Monday, January 09, 2006

Wilson on Wright on Egalitarianism













In September of 2004, N.T. Wright presented a paper entitled "Women 's Service in the Church: The Biblical Basis," which you can read in its entirety here. Recently Doug Wilson reviewed this paper (which you can take a look at by clicking here) on his blog, and I think that it as well is worth a read. I know many people have a problem with one or both of these men, but I think this review by Wilson is a great example of how good Christian men can charitably disagree, while appreciating what each other has to offer. Let me know what you think of both.

5 Comments:

Anonymous Anonymous said...

You're gonna make me read the articles myself? I thought a blog was supposed to summarize and condense not assign me homework.

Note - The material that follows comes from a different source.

(* Let $G$ be a finitely generated group hyperbolic relative to a finite collection $\mathcal P$, $S$ a finite generating set, and $(\epsilon,R,D)$ thin-triangle constants. Let $\mu$ be a positive integer and $U\subset V\cup W$ a finite subset with $|u,u'|_S\le\mu$ for all $u,u'\in U$. Then for every integer $r\ge\mu$, the $r$-hull $U_r$ is $(\mu+2D)$-convex with respect to every $b\in U$.
   Context: $\Gamma$ is the Cayley graph of $G$ w.r.t. $S$, $V=G$, $W$ the set of cosets $gP_\lambda$; relative hyperbolicity means the coned-off Cayley graph (vertex set $V\cup W$, edges of $\Gamma$ plus edges $(v,w)$ for $v\in w$) is fine and $\delta$-hyperbolic. $|\cdot,\cdot|_S$ is extended to $V\cup W$ via distances in $\Gamma$ between corresponding elements/cosets. For a geodesic edge-path $p=(p_j)_{j=0}^\ell$ in $\Gamma$, $p_i$ is $(\epsilon,R)$-deep in $w\in W$ if $R\le i\le\ell-R$ and $|p_j,w|_S\le\epsilon$ for all $|j-i|\le R$. A geodesic from $a$ to $b$ ($a,b\in V\cup W$) is a geodesic in $\Gamma$ of length $|a,b|_S$ starting at $a$ (if $a\in V$) or in $a$ (if $a\in W$), ending analogously at $b$; for $i>\ell$, $p_i:=p_\ell$. Positive integers $(\epsilon,R,D)$ are thin-triangle constants if: $D\ge\epsilon$; no vertex of a geodesic in $\Gamma$ is $(\epsilon,R)$-deep in two distinct cosets; and for all $a,b,c\in V\cup W$ with $a\ne b$, geodesics $p^{ab},p^{bc},p^{ac}$, $\ell=|a,b|_S$, $0\le i\le\ell$, with $z=w$ if $p^{ab}_i$ is $(\epsilon,R)$-deep in $w$ and $z=p^{ab}_i$ otherwise, we have $|z,p^{ac}_i|_S\le D$ or $|z,p^{bc}_{\ell-i}|_S\le D$. The $r$-hull $U_r$ of finite $U$ is the union of all $v\in V$ with $|v,u|_S\le r$ for every $u\in U$ and all $w\in W$ with $|w,u|_S\le r+\epsilon$ for every $u\in U$. A subset $U'\subset V\cup W$ is $\nu$-convex with respect to $u\in U'$ if for every $u'\in U'$, every geodesic $(p_j)_{j=0}^\ell$ from $u$ to $u'$ in $\Gamma$ and every $j\le\ell-\nu$: $p_j\in U'$, and every $w\in W$ with $|w,p_j|_S\le\epsilon$ lies in $U'$. *)

theory Defs
  imports "HOL-Algebra.Algebra"
begin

January 09, 2006 2:45 PM  
Blogger DrewDog said...

I'm basically summarizing Wilson's blog which is a summary of Wright's paper. this explains why it's so short- a summary of a summary. Perhaps if you were to write a summary of my summary you could simply write "stinks," and that would suffice.

Anyway, stop complaining and get to your homework!

January 09, 2006 4:07 PM  
Anonymous Anonymous said...

stinks

January 09, 2006 7:55 PM  
Blogger Vijay Swamidass said...

Still reading...

January 10, 2006 1:01 PM  
Blogger Vijay Swamidass said...

I'm not a Greek expert (or amateur for that matter), but NT Wright should be in the Olympics for this gymnastic display on 1 Timothy 2:12:

"I’m not saying that women should teach men, or try to dictate to them; they should be left undisturbed. " - NT Wright

vs.

"But I do not allow a woman to teach or exercise authority over a man, but to remain quiet." - NASB

Either NT Wright has found something brand new or the rest of the translators have missed the boat completely.

Its also not clear to me that 1 Cor 11:1-16 is talking about the general assembly. Verse 18 begins "For, in the first place, when you come together as a church,..."
Otherwise, if women are explicitly forbidden from speaking in the church in 1 Cor 14, and permitted to speak (in the same sense) in the church in 1 Cor 11, we are bordering on contradiction.

You can probably turn these arguments into swiss cheese - please fire away.